Words fail me! No they don’t. Here they come. How??!! How can I tell when he’s really listening and talking to me and when he’s not. He seemed to be listening. He was looking at the map, answering, generally responsive. How on earth am I meant to know when that means proper listening and when it means he’s effectively unconscious as far as my conversation and presence goes. But of course if his beloved football team scored at that point he would be amazingly conscious, alert and able to write expertly about all aspects of the goal on Twitter. Grrrrr (words really have failed me now – I’ve gone feral instead).

Anyway the whole thing made me very very fed up! I hearthstoned back to Stormwind a defeated woman and ended up hanging around the dwarven district getting back to my roots.

Very frustrating. I can only hope Bravetank’s auburn hair has not made her lose all sense of direction. I was bad enough in dungeons before. But if I can’t find my way out of Redridge what hope is there for me!
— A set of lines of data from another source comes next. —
lemma nn_integral_radial_weight_powr:
  fixes c \<alpha> q :: real
  assumes c: "c > 0" and \<alpha>: "\<alpha> > 0" and q: "q > DIM('a) / \<alpha>"
  shows "(\<integral>\<^sup>+ x. ennreal ((1 + c * norm (x::'a::euclidean_space) powr \<alpha>) powr (-q)) \<partial>lebesgue)
       = ennreal (unit_ball_vol DIM('a) * (DIM('a) / \<alpha>) * Beta (DIM('a) / \<alpha>) (q - DIM('a) / \<alpha>)
                  * c powr (-(DIM('a) / \<alpha>)))"
proof -
  have m: "DIM('a) / \<alpha> > 0" using \<alpha> by simp
  then have "Beta (DIM('a) / \<alpha>) (q - DIM('a) / \<alpha>) > 0"
    using q by (simp add: Beta_def)
  with m show ?thesis
    using nn_integral_radial[OF c \<alpha>, of "\<lambda>s. ennreal ((1 + s) powr (-q))", where 'a='a]
      nn_integral_Beta_halfline[of "DIM('a) / \<alpha>" q] q \<alpha>
    by (simp add: nn_integral_completion ennreal_mult'[symmetric] mult_ac)
qed

lemma unit_ball_vol_times_dim:
  fixes n :: real
  assumes "n > 0"
  shows "unit_ball_vol n * n = 2 * pi powr (n / 2) / Gamma (n / 2)"
proof -
  have "Gamma (n / 2 + 1) = n / 2 * Gamma (n / 2)"
    using assms Gamma_plus1[of "n / 2"] by (simp add: nonpos_Ints_def)
  moreover have "Gamma (n / 2) > 0" using assms by simp
  ultimately show ?thesis
    unfolding unit_ball_vol_def \<open>Gamma (n / 2 + 1) = _\<close> using assms by (simp add: field_simps)
qed

lemma I_const_eq_Beta:
  fixes \<alpha> \<beta> d :: real
  assumes d: "d > 0" and \<beta>: "\<beta> > 1" and \<alpha>: "\<alpha> > d * (\<beta> - 1)"
  shows "I_const \<alpha> \<beta> d = Beta (d / \<alpha>) (1 / (\<beta> - 1) - d / \<alpha>)"
proof -
  have "\<alpha> > 0" using d \<beta> \<alpha> by (smt (verit) mult_pos_pos)
  then have "d / \<alpha> > 0" and "1 / (\<beta> - 1) > d / \<alpha>"
    using d \<beta> \<alpha> by (simp_all add: field_simps)
  then show ?thesis
    unfolding I_const_def by (rule interval_integral_Beta_halfline)
qed

lemma C_const_eq:
  fixes \<alpha> \<beta> d :: real
  assumes d: "d > 0" and \<beta>: "\<beta> > 1" and \<alpha>: "\<alpha> > d * (\<beta> - 1)"
  defines "t \<equiv> d * (\<beta> - 1) / \<alpha>"
  shows "C_const \<alpha> \<beta> d = (1 / t) powr (1 / \<beta>) * (t / (1 - t)) powr ((1 - t) / \<beta>)
                         * (unit_ball_vol d * (d / \<alpha>) * I_const \<alpha> \<beta> d) powr ((\<beta> - 1) / \<beta>)"
proof -
  have "\<alpha> > 0" using d \<beta> \<alpha> by (smt (verit) mult_pos_pos)
  then have "1 - t = (\<alpha> - d * (\<beta> - 1)) / \<alpha>"
    by (simp add: t_def field_simps)
  then have "\<alpha> / (d * (\<beta> - 1)) = 1 / t"
    and "d * (\<beta> - 1) / (\<alpha> - d * (\<beta> - 1)) = t / (1 - t)"
    and "(\<alpha> - d * (\<beta> - 1)) / (\<alpha> * \<beta>) = (1 - t) / \<beta>"
    using \<open>\<alpha> > 0\<close> \<alpha> by (simp_all add: t_def)
  moreover have "2 * pi powr (d / 2) / Gamma (d / 2) * (1 / \<alpha>) = unit_ball_vol d * (d / \<alpha>)"
    using unit_ball_vol_times_dim[OF d] by simp
  ultimately show ?thesis
    by (simp add: C_const_def)
qed

lemma C_const_pos:
  fixes \<alpha> \<beta> d :: real
  assumes d: "d > 0" and \<beta>: "\<beta> > 1" and \<alpha>: "\<alpha> > d * (\<beta> - 1)"
  shows "C_const \<alpha> \<beta> d > 0"
proof -
  have "\<alpha> > 0" using d \<beta> \<alpha> by (smt (verit) mult_pos_pos)
  then have "d / \<alpha> > 0" and "1 / (\<beta> - 1) - d / \<alpha> > 0"
    using d \<beta> \<alpha> by (simp_all add: field_simps)
  then have "I_const \<alpha> \<beta> d > 0"
    using I_const_eq_Beta[OF d \<beta> \<alpha>] \<beta> by (simp add: Beta_def)
  moreover have "Gamma (d / 2) \<noteq> 0"
    using d by (simp add: Gamma_eq_zero_iff nonpos_Ints_def)
  ultimately show ?thesis
    unfolding C_const_def using d \<beta> \<alpha> \<open>\<alpha> > 0\<close> by (intro mult_pos_pos) simp_all
qed

(* l is the minimiser over l > 0 of the left-hand side. *)
lemma interpolation_bound_at_optimal_weight:
  fixes a b \<kappa> \<beta> m t :: real
  assumes a: "a > 0" and b: "b > 0" and \<kappa>: "\<kappa> > 0" and \<beta>: "\<beta> > 1" and m: "m > 0"
    and t: "t = m * (\<beta> - 1)" "t < 1"
  defines "l \<equiv> t * a / ((1 - t) * b)"
  shows "(a + l * b) powr (1 / \<beta>) * (\<kappa> * l powr (-m)) powr ((\<beta> - 1) / \<beta>)
       = (1 / t) powr (1 / \<beta>) * (t / (1 - t)) powr ((1 - t) / \<beta>) * \<kappa> powr ((\<beta> - 1) / \<beta>)
         * a powr ((1 - t) / \<beta>) * b powr (t / \<beta>)"
    (is "?L = ?R")
proof -
  have "t > 0" using m \<beta> by (simp add: t)
  then have l: "l > 0" and sum: "a + l * b = a / (1 - t)"
    using t(2) a b by (simp_all add: l_def field_simps)
  have pos: "?L > 0" "?R > 0"
    using a b \<kappa> l \<open>t > 0\<close> t(2) by (simp_all add: sum)
  have lnL: "ln ?L = (ln a - ln (1 - t)) / \<beta> + (\<beta> - 1) / \<beta> * (ln \<kappa> - m * ln l)"
    unfolding sum using a \<kappa> l t(2) by (simp add: ln_mult ln_powr ln_div)
  have lnR: "ln ?R = - ln t / \<beta> + (1 - t) / \<beta> * (ln t - ln (1 - t)) + (\<beta> - 1) / \<beta> * ln \<kappa>
                       + (1 - t) / \<beta> * ln a + t / \<beta> * ln b"
    using a b \<kappa> \<open>t > 0\<close> t(2) by (simp add: ln_mult ln_powr ln_div)
  have lnl: "ln l = ln t + ln a - ln (1 - t) - ln b"
    using \<open>t > 0\<close> t(2) a b by (simp add: l_def ln_div ln_mult)
  have "ln ?L = ln ?R"
    unfolding lnL lnR lnl using \<beta> by (simp add: t(1) field_simps)
  then show ?thesis
    using pos by simp
qed

lemma nn_integral_eq_0_if_moment_eq_0:
  fixes g :: "'a::euclidean_space \<Rightarrow> real" and \<alpha> \<beta> :: real
  assumes g: "g \<in> borel_measurable lebesgue" "\<And>x. g x \<ge> 0"
    and zero: "(\<integral>\<^sup>+ x. ennreal (g x powr \<beta>) \<partial>lebesgue) = 0
             \<or> (\<integral>\<^sup>+ x. ennreal (norm x powr \<alpha> * g x powr \<beta>) \<partial>lebesgue) = 0"
  shows "(\<integral>\<^sup>+ x. ennreal (g x) \<partial>lebesgue) = 0"
proof -
  have "(\<lambda>x. norm x powr \<alpha>) \<in> borel_measurable lebesgue"
    by (rule measurable_completion) simp
  then have "(\<lambda>x. ennreal (g x powr \<beta>)) \<in> borel_measurable lebesgue"
    and "(\<lambda>x. ennreal (norm x powr \<alpha> * g x powr \<beta>)) \<in> borel_measurable lebesgue"
    using g(1) by measurable
  with zero have "AE x in lebesgue. g x powr \<beta> \<le> 0 \<or> norm x powr \<alpha> * g x powr \<beta> \<le> 0"
    by (auto simp: nn_integral_0_iff_AE elim: eventually_mono)
  moreover have "AE x in lebesgue. x \<noteq> 0"
    by (rule AE_completion) (rule AE_lborel_singleton)
  ultimately have "AE x in lebesgue. g x = 0"
    by eventually_elim (use g(2) in \<open>auto simp: mult_le_0_iff\<close>)
  have "(\<integral>\<^sup>+ x. ennreal (g x) \<partial>lebesgue) = (\<integral>\<^sup>+ x. 0 \<partial>(lebesgue :: 'a measure))"
    by (rule nn_integral_cong_AE) (use \<open>AE x in lebesgue. g x = 0\<close> in \<open>auto elim: eventually_mono\<close>)
  then show ?thesis
    by simp
qed

lemma nn_integral_le_radial_weight_bound:
  fixes g :: "'a::euclidean_space \<Rightarrow> real" and \<alpha> \<beta> a b l :: real
  assumes g: "g \<in> borel_measurable lebesgue" "\<And>x. g x \<ge> 0"
    and \<beta>: "\<beta> > 1" and \<alpha>: "\<alpha> > real DIM('a) * (\<beta> - 1)"
    and a: "(\<integral>\<^sup>+ x. ennreal (g x powr \<beta>) \<partial>lebesgue) = ennreal a" "a > 0"
    and b: "(\<integral>\<^sup>+ x. ennreal (norm x powr \<alpha> * g x powr \<beta>) \<partial>lebesgue) = ennreal b" "b \<ge> 0"
    and l: "l > 0"
  shows "(\<integral>\<^sup>+ x. ennreal (g x) \<partial>lebesgue)
       \<le> ennreal ((a + l * b) powr (1 / \<beta>)
                  * (unit_ball_vol DIM('a) * (DIM('a) / \<alpha>) * I_const \<alpha> \<beta> DIM('a)
                     * l powr (-(DIM('a) / \<alpha>))) powr ((\<beta> - 1) / \<beta>))"
proof -
  define w where "w = (\<lambda>x::'a. 1 + l * norm x powr \<alpha>)"
  have d: "real DIM('a) > 0" by simp
  then have "\<alpha> > 0"
    using \<beta> \<alpha> by (smt (verit) mult_pos_pos)
  then have "1 / (\<beta> - 1) > DIM('a) / \<alpha>" "DIM('a) / \<alpha> > 0"
    using \<beta> \<alpha> by (simp_all add: field_simps)
  then have "Beta (DIM('a) / \<alpha>) (1 / (\<beta> - 1) - DIM('a) / \<alpha>) > 0"
    using \<beta> by (simp add: Beta_def)
  have "(\<lambda>x::'a. norm x powr \<alpha>) \<in> borel_measurable lebesgue"
    by (rule measurable_completion) simp
  then have w: "w \<in> borel_measurable lebesgue" "\<And>x. w x > 0"
    using l by (auto simp: w_def add_pos_nonneg)
  have "(\<lambda>x. g x powr \<beta>) \<in> borel_measurable lebesgue"
    using g(1) by measurable
  from nn_integral_mult_one_plus[OF this _ \<open>(\<lambda>x. norm x powr \<alpha>) \<in> _\<close> _, of l]
  have P: "(\<integral>\<^sup>+ x. ennreal (g x powr \<beta> * w x) \<partial>lebesgue) = ennreal (a + l * b)"
    using a b l by (simp add: w_def ennreal_plus ennreal_mult)
  have Q: "(\<integral>\<^sup>+ x. ennreal (w x powr (-1 / (\<beta> - 1))) \<partial>lebesgue)
         = ennreal (unit_ball_vol DIM('a) * (DIM('a) / \<alpha>) * I_const \<alpha> \<beta> DIM('a) * l powr (-(DIM('a) / \<alpha>)))"
    using nn_integral_radial_weight_powr[OF l \<open>\<alpha> > 0\<close>, of "1 / (\<beta> - 1)", where 'a='a]
      I_const_eq_Beta[OF d \<beta> \<alpha>] \<open>1 / (\<beta> - 1) > DIM('a) / \<alpha>\<close>
    by (simp add: w_def mult_ac)
  show ?thesis
    using \<open>Beta _ _ > 0\<close> I_const_eq_Beta[OF d \<beta> \<alpha>] \<open>\<alpha> > 0\<close> a(2) b(2) l
    by (intro nn_integral_le_weighted_Holder[OF \<beta> g w P _ Q]) (simp_all add: add_pos_nonneg)
qed

lemma nn_integral_le_C_const_moments:
  fixes g :: "'a::euclidean_space \<Rightarrow> real" and \<alpha> \<beta> a b :: real
  assumes g: "g \<in> borel_measurable lebesgue" "\<And>x. g x \<ge> 0"
    and \<beta>: "\<beta> > 1" and \<alpha>: "\<alpha> > real DIM('a) * (\<beta> - 1)"
    and a: "(\<integral>\<^sup>+ x. ennreal (g x powr \<beta>) \<partial>lebesgue) = ennreal a" "a > 0"
    and b: "(\<integral>\<^sup>+ x. ennreal (norm x powr \<alpha> * g x powr \<beta>) \<partial>lebesgue) = ennreal b" "b > 0"
  shows "(\<integral>\<^sup>+ x. ennreal (g x) \<partial>lebesgue)
       \<le> ennreal (C_const \<alpha> \<beta> DIM('a) * a powr ((\<alpha> - DIM('a) * (\<beta> - 1)) / (\<alpha> * \<beta>))
                  * b powr (DIM('a) * (\<beta> - 1) / (\<alpha> * \<beta>)))"
proof -
  define d where "d = real DIM('a)"
  define m where "m = d / \<alpha>"
  define t where "t = m * (\<beta> - 1)"
  define \<kappa> where "\<kappa> = unit_ball_vol d * m * I_const \<alpha> \<beta> d"
  have d: "d > 0" and \<alpha>_d: "\<alpha> > d * (\<beta> - 1)"
    using \<alpha> by (simp_all add: d_def)
  then have "\<alpha> > 0"
    using \<beta> by (smt (verit) mult_pos_pos)
  then have m: "m > 0" and t: "t > 0" "t < 1" and "1 / (\<beta> - 1) > m"
    using d \<beta> \<alpha>_d by (simp_all add: m_def t_def field_simps)
  then have "Beta m (1 / (\<beta> - 1) - m) > 0"
    using \<beta> by (simp add: Beta_def)
  then have "\<kappa> > 0"
    using I_const_eq_Beta[OF d \<beta> \<alpha>_d, folded m_def] d m by (simp add: \<kappa>_def)
  have "t * a / ((1 - t) * b) > 0"
    using t a(2) b(2) by simp
  from nn_integral_le_radial_weight_bound[OF g \<beta> \<alpha> a b(1) _ this]
  have "(\<integral>\<^sup>+ x. ennreal (g x) \<partial>lebesgue)
      \<le> ennreal ((a + t * a / ((1 - t) * b) * b) powr (1 / \<beta>)
                 * (\<kappa> * (t * a / ((1 - t) * b)) powr (-m)) powr ((\<beta> - 1) / \<beta>))"
    using b(2) by (simp add: \<kappa>_def m_def d_def mult_ac)
  also have "\<dots> = ennreal (C_const \<alpha> \<beta> d * a powr ((1 - t) / \<beta>) * b powr (t / \<beta>))"
    using interpolation_bound_at_optimal_weight[OF a(2) b(2) \<open>\<kappa> > 0\<close> \<beta> m t_def t(2)]
      C_const_eq[OF d \<beta> \<alpha>_d]
    by (simp add: \<kappa>_def m_def t_def)
  also have "(1 - t) / \<beta> = (\<alpha> - d * (\<beta> - 1)) / (\<alpha> * \<beta>)"
    using \<open>\<alpha> > 0\<close> \<beta> by (simp add: t_def m_def field_simps)
  also have "t / \<beta> = d * (\<beta> - 1) / (\<alpha> * \<beta>)"
    using \<open>\<alpha> > 0\<close> \<beta> by (simp add: t_def m_def field_simps)
  finally show ?thesis
    by (simp add: d_def)
qed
On a more positive note – I’ve been meaning to link to this for ages. Danslate – fellow blogger whose great blog can be found here recorded my script The Case of the Bloody Five a few weeks ago & it is now on You Tube. You can find it here. Please go along and have a listen. I’m amazed at the voices he can do and how he brought it all to life. It’s really great, I loved listening to it & I’m honoured he did it.

Right- I’m off to study a map of Azeroth. Those complex zones will not defeat me again!